2005 novel by Meg Cabot

Ready or Not is the sequel to the novel All-American Girl. Both were written by Meg Cabot, who is also the author of The Princess Diaries. The book takes place about one year after the events of All-American Girl.

In 2022, the novel was banned by the School District of Indian River County in Florida.

==Plot==
Samantha "Sam" Madison is still teen ambassador to the United Nations and happily dating the President's son, David. She is also still a semi-celebrity for saving the President's life but does not like the attention she gets for it. As a way to go back to being unnoticed, Sam dyes her naturally red hair to jet black at the beginning of the novel. She and David also start to take a life-drawing class together, though she did not realize that it was about sketching nude models.

When David invites her to spend Thanksgiving at Camp David, Sam believes that he wants to have sex. Unsure of whether she's ready for that step in their relationship, she consults her older sister Lucy. Lucy ends up being extremely helpful by giving her sex advice and buying Sam contraceptives.

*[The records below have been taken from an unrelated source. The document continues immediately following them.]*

text \<open>The one-sided weighted defect on \<open>[a, c]\<close>: by integration by parts it equals
  \<open>\<integral> G F'\<close>, so any continuous majorant \<open>w\<close> of \<open>|F'|\<close> bounds it through the growth of \<open>G\<close>.\<close>

lemma power_kernel_defect_bound:
  fixes F F' g w :: "real \<Rightarrow> real"
  assumes "a \<le> c" and alpha: "\<alpha> > 0"
    and g: "continuous_on {a..c} g" and gM: "\<And>t. t \<in> {a..c} \<Longrightarrow> \<bar>g t\<bar> \<le> M"
    and F: "\<And>s. s \<in> {a..c} \<Longrightarrow> (F has_real_derivative F' s) (at s)"
    and F': "F' absolutely_integrable_on {a..c}"
    and w: "continuous_on {a..c} w" and F'w: "\<And>s. s \<in> {a..c} \<Longrightarrow> \<bar>F' s\<bar> \<le> w s"
  shows "\<bar>F c * integral {a..c} (\<lambda>t. (t - a) powr (\<alpha> - 1) * g t)
          - integral {a..c} (\<lambda>t. (t - a) powr (\<alpha> - 1) * (F t * g t))\<bar>
         \<le> M / \<alpha> * integral {a..c} (\<lambda>s. (s - a) powr \<alpha> * w s)"
proof -
  define K where "K = (\<lambda>t. (t - a) powr (\<alpha> - 1) * g t)"
  have M0: "M \<ge> 0"
    using gM[of a] \<open>a \<le> c\<close> by auto
  have Kabs: "K absolutely_integrable_on {a..c}"
    unfolding K_def using alpha \<open>a \<le> c\<close> g by (rule power_kernel_times_absolutely_integrable)
  have "continuous_on {a<..<c} K"
    unfolding K_def using continuous_on_subset[OF g]
    by (intro continuous_intros) (auto simp: greaterThanLessThan_subseteq_atLeastAtMost_iff)
  from has_integral_primitive_times_derivative[OF \<open>a \<le> c\<close> Kabs this F F']
  have parts: "((\<lambda>s. integral {a..s} K * F' s) has_integral
      F c * integral {a..c} K - integral {a..c} (\<lambda>t. K t * F t)) {a..c}" .
  have pointwise: "norm (integral {a..s} K * F' s) \<le> M / \<alpha> * ((s - a) powr \<alpha> * w s)"
    if s: "s \<in> {a..c}" for s
  proof -
    have "K integrable_on {a..s}"
      using s by (intro set_lebesgue_integral_eq_integral(1) absolutely_integrable_on_subinterval[OF Kabs]) auto
    then have "\<bar>integral {a..s} K\<bar> \<le> M / \<alpha> * (s - a) powr \<alpha>"
      unfolding K_def using alpha s gM by (intro power_kernel_primitive_bound) auto
    then have "\<bar>integral {a..s} K\<bar> * \<bar>F' s\<bar> \<le> (M / \<alpha> * (s - a) powr \<alpha>) * w s"
      using F'w[OF s] M0 alpha by (intro mult_mono) auto
    then show ?thesis
      by (simp add: abs_mult)
  qed
  have "(\<lambda>s. M / \<alpha> * ((s - a) powr \<alpha> * w s)) integrable_on {a..c}"
    using alpha by (intro integrable_continuous_interval continuous_intros continuous_on_powr' w) auto
  from integral_norm_bound_integral[OF has_integral_integrable[OF parts] this pointwise]
  have "\<bar>F c * integral {a..c} K - integral {a..c} (\<lambda>t. K t * F t)\<bar>
      \<le> M / \<alpha> * integral {a..c} (\<lambda>s. (s - a) powr \<alpha> * w s)"
    using integral_unique[OF parts] by simp
  moreover have "(\<lambda>t. K t * F t) = (\<lambda>t. (t - a) powr (\<alpha> - 1) * (F t * g t))"
    by (simp add: K_def fun_eq_iff)
  ultimately show ?thesis
    by (simp add: K_def)
qed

Meanwhile, The President announces his "Return to Family" campaign, which includes plans to limit access to abortion and birth control. Samantha is faced with a huge dilemma when she accidentally comes off as condemning the "Return to Family" policy on an MTV special by accidentally implying that she and David have had sex.

Sam receives mostly negative backlash for her remarks, but is supported by her friends and family for being honest. When she goes to Camp David during Thanksgiving, she waits in her room all night for David to come, but he never does. Feeling furious, she sneaks into David's room and berates him for his mixed-messages over them having sex. David replies that he didn't mean to imply that anything was going to happen between them. Sam comes to understand that she made up the whole dilemma in her head, but also realizes that she does want to have sex because she loves David.

When Sam comes home, she tells Lucy about her and David's first time and discovers that Lucy is actually still a virgin. Lucy explains that she wants to find someone she truly loves before taking that big step. She believes that her tutor Harold is "the One" for her, like how David is for Sam.